## Exercise prompt
Write out again, please, the records below from the first line to the line holding "j < m \<and>", inclusive, and nothing else.

[Records from a collection]
####################

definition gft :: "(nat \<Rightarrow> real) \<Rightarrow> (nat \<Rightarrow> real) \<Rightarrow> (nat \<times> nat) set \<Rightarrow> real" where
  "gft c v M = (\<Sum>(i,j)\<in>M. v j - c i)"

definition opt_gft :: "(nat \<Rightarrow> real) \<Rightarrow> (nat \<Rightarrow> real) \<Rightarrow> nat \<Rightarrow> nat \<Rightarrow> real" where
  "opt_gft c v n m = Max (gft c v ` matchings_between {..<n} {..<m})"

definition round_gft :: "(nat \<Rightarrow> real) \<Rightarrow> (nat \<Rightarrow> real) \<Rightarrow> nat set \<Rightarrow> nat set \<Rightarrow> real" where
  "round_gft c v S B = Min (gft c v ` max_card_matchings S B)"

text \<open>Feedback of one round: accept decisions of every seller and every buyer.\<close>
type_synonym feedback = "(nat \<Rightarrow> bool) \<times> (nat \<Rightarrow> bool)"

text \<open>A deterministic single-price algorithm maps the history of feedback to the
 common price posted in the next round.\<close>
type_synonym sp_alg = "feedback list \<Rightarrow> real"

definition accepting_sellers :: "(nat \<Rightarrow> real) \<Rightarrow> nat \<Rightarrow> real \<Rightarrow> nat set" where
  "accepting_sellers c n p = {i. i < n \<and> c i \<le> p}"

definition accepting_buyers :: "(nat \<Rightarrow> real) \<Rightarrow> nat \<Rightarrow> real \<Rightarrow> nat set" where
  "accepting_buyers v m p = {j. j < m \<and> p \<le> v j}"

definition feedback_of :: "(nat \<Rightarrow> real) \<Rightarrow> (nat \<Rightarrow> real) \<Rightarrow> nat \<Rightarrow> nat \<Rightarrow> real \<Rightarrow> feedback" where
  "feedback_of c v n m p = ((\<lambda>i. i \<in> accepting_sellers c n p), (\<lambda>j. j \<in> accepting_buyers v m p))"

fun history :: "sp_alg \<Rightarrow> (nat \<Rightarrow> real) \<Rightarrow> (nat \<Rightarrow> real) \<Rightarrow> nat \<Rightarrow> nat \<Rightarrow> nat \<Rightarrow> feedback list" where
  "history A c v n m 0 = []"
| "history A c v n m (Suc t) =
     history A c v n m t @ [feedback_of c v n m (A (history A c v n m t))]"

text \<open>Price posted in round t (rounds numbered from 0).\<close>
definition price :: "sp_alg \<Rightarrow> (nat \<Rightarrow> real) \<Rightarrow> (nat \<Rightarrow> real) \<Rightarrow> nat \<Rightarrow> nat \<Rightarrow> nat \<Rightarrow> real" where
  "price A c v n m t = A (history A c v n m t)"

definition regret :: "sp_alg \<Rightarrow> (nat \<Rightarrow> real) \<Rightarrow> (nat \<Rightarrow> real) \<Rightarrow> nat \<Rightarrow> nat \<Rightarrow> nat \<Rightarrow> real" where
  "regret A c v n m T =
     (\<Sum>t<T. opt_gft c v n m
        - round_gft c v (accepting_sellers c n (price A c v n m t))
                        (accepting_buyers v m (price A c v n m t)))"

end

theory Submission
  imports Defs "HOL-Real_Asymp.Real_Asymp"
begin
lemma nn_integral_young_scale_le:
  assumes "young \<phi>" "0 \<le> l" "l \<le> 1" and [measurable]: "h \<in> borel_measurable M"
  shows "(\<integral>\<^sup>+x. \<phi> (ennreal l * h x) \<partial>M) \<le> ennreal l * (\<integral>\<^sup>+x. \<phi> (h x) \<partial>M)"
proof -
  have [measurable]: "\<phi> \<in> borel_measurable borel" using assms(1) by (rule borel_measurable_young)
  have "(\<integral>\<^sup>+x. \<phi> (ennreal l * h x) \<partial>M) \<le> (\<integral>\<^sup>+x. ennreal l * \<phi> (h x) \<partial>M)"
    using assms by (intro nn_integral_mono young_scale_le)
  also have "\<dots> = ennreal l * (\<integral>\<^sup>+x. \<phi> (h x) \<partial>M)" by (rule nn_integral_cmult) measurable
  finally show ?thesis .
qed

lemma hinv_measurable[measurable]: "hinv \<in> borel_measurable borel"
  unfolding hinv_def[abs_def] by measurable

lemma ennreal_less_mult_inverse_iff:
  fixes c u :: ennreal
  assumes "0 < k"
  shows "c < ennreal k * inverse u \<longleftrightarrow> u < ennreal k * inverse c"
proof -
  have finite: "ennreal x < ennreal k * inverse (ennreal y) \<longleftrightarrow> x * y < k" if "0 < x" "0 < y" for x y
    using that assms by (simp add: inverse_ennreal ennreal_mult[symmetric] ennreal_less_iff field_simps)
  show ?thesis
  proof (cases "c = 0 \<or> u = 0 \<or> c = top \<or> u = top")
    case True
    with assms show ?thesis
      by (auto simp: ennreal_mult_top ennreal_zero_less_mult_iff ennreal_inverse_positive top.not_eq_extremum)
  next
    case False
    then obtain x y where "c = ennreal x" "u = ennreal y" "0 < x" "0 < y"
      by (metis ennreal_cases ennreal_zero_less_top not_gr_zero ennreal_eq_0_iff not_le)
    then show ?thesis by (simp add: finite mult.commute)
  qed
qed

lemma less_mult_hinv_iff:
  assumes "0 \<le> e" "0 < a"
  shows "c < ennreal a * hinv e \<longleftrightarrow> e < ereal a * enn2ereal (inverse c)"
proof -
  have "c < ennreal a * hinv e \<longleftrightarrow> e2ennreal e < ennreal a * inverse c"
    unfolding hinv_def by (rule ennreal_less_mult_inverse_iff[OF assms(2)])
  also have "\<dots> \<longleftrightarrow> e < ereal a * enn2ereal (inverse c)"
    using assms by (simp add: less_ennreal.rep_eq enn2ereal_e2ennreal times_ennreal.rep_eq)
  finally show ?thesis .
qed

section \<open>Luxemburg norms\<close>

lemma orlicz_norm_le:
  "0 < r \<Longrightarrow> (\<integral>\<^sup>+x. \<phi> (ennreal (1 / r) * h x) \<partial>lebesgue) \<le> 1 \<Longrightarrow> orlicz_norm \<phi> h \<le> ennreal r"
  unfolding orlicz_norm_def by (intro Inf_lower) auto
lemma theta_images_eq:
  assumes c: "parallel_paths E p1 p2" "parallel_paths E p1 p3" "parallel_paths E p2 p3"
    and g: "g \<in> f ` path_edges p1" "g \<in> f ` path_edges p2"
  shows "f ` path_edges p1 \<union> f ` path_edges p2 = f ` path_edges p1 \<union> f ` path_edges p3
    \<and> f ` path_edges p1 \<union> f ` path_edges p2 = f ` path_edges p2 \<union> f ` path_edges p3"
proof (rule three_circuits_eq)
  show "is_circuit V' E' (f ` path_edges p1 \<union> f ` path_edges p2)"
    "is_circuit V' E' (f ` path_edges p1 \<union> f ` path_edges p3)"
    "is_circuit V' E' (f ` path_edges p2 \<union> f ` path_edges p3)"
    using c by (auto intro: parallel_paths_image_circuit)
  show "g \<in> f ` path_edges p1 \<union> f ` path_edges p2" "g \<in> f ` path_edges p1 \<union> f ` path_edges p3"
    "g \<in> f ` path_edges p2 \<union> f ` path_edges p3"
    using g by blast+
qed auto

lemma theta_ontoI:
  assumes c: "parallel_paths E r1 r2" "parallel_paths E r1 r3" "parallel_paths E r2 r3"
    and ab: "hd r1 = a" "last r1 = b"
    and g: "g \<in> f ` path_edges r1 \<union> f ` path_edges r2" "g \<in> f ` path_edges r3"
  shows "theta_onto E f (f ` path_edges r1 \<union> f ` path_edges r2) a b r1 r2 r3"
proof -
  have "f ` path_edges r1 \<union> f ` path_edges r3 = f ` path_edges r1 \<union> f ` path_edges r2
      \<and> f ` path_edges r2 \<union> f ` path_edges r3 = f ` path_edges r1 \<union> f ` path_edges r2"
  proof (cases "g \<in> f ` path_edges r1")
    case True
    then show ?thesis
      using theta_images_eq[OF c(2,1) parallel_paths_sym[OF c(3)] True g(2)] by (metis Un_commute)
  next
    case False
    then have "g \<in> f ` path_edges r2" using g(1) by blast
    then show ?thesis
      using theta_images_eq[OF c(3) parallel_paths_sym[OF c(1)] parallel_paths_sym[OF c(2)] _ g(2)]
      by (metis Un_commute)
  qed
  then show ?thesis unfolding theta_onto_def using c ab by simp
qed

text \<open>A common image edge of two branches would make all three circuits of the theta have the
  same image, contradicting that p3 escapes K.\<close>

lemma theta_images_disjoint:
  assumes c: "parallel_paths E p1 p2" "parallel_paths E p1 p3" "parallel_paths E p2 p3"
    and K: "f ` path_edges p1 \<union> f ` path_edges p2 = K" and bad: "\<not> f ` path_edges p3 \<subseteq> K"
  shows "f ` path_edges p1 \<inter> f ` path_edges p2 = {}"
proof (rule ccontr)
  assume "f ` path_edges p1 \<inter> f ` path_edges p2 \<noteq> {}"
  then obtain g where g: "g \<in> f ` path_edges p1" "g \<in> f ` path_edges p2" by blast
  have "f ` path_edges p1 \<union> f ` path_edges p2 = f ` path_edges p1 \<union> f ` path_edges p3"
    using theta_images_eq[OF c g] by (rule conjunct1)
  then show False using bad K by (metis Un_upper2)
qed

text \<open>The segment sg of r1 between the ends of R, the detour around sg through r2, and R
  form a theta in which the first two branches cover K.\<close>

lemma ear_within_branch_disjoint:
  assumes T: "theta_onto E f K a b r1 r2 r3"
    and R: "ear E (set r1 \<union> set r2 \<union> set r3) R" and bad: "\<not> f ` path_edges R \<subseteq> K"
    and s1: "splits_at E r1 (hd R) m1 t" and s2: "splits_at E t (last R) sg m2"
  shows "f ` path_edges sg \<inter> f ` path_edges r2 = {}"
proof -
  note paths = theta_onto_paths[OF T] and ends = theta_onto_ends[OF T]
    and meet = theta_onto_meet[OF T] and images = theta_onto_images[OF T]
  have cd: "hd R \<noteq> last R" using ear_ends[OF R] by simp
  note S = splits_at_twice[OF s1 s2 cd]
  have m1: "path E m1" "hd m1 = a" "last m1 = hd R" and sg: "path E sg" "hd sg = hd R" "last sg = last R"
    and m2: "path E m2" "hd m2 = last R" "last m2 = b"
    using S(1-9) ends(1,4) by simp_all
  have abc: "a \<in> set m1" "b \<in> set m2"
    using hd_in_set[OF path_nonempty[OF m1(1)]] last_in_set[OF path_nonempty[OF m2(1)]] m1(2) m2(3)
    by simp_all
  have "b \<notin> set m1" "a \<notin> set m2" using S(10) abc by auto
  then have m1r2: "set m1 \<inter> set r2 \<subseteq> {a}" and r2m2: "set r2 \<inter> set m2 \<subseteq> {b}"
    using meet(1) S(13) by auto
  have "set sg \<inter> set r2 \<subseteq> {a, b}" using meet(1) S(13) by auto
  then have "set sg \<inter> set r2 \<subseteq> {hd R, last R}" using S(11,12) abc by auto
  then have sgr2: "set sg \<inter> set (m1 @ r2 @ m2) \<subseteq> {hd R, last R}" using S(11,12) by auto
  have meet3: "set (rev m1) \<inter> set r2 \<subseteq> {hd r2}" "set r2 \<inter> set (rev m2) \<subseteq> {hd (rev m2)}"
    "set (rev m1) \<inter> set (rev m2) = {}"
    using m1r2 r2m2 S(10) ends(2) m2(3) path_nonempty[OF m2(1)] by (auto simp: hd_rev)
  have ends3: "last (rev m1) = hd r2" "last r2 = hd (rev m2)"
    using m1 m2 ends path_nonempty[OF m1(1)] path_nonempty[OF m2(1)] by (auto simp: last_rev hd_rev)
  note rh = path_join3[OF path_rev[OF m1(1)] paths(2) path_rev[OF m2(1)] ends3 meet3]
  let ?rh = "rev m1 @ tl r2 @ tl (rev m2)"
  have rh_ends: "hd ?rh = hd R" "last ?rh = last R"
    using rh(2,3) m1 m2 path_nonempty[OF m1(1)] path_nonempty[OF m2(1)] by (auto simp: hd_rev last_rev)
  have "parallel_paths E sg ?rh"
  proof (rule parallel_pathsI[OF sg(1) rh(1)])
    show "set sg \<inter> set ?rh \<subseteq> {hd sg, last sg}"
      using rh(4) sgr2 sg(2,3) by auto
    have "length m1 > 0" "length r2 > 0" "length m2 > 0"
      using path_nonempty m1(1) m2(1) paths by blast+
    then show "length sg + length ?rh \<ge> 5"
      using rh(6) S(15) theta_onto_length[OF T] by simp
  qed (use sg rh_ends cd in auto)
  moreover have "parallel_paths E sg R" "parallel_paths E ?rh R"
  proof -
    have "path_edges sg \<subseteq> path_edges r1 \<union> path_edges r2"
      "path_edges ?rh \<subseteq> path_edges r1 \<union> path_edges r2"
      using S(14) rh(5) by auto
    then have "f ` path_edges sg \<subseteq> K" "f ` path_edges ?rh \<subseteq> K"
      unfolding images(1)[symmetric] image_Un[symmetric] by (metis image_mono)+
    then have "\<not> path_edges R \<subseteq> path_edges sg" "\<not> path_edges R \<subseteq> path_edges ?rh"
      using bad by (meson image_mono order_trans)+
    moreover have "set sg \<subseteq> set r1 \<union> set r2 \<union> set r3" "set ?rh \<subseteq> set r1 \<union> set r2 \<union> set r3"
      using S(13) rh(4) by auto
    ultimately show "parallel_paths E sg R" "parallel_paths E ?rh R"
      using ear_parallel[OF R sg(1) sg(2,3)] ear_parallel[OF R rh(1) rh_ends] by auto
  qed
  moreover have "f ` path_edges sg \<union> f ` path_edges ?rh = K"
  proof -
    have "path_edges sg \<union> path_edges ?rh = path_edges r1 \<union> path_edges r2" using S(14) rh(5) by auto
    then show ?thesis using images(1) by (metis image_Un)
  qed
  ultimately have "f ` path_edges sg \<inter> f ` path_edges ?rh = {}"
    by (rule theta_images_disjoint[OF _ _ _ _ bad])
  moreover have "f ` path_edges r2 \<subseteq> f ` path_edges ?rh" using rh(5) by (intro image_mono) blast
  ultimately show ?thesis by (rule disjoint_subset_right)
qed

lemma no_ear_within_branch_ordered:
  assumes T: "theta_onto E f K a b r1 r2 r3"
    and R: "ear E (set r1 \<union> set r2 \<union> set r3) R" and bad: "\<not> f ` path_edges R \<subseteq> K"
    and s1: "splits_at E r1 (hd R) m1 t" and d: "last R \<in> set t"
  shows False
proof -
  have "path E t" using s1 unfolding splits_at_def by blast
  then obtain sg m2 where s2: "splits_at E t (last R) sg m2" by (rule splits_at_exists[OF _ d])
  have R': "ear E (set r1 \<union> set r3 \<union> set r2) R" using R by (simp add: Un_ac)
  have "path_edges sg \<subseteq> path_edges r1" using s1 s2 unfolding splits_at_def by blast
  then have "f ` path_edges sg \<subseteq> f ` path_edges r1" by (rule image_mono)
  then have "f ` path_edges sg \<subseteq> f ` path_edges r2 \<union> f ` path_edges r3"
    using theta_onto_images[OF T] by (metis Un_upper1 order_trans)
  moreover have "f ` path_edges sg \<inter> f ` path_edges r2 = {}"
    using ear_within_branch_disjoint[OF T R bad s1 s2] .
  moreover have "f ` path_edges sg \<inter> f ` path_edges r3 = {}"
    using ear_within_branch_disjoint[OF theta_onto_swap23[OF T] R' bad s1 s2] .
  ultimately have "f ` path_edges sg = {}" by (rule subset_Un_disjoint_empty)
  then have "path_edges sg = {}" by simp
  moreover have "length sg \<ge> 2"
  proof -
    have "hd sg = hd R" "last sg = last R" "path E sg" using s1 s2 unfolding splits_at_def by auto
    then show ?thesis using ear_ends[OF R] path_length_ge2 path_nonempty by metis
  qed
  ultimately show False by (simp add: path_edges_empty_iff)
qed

####################

## Worked solution
definition gft :: "(nat \<Rightarrow> real) \<Rightarrow> (nat \<Rightarrow> real) \<Rightarrow> (nat \<times> nat) set \<Rightarrow> real" where
  "gft c v M = (\<Sum>(i,j)\<in>M. v j - c i)"

definition opt_gft :: "(nat \<Rightarrow> real) \<Rightarrow> (nat \<Rightarrow> real) \<Rightarrow> nat \<Rightarrow> nat \<Rightarrow> real" where
  "opt_gft c v n m = Max (gft c v ` matchings_between {..<n} {..<m})"

definition round_gft :: "(nat \<Rightarrow> real) \<Rightarrow> (nat \<Rightarrow> real) \<Rightarrow> nat set \<Rightarrow> nat set \<Rightarrow> real" where
  "round_gft c v S B = Min (gft c v ` max_card_matchings S B)"

text \<open>Feedback of one round: accept decisions of every seller and every buyer.\<close>
type_synonym feedback = "(nat \<Rightarrow> bool) \<times> (nat \<Rightarrow> bool)"

text \<open>A deterministic single-price algorithm maps the history of feedback to the
 common price posted in the next round.\<close>
type_synonym sp_alg = "feedback list \<Rightarrow> real"

definition accepting_sellers :: "(nat \<Rightarrow> real) \<Rightarrow> nat \<Rightarrow> real \<Rightarrow> nat set" where
  "accepting_sellers c n p = {i. i < n \<and> c i \<le> p}"

definition accepting_buyers :: "(nat \<Rightarrow> real) \<Rightarrow> nat \<Rightarrow> real \<Rightarrow> nat set" where
  "accepting_buyers v m p = {j. j < m \<and> p \<le> v j}"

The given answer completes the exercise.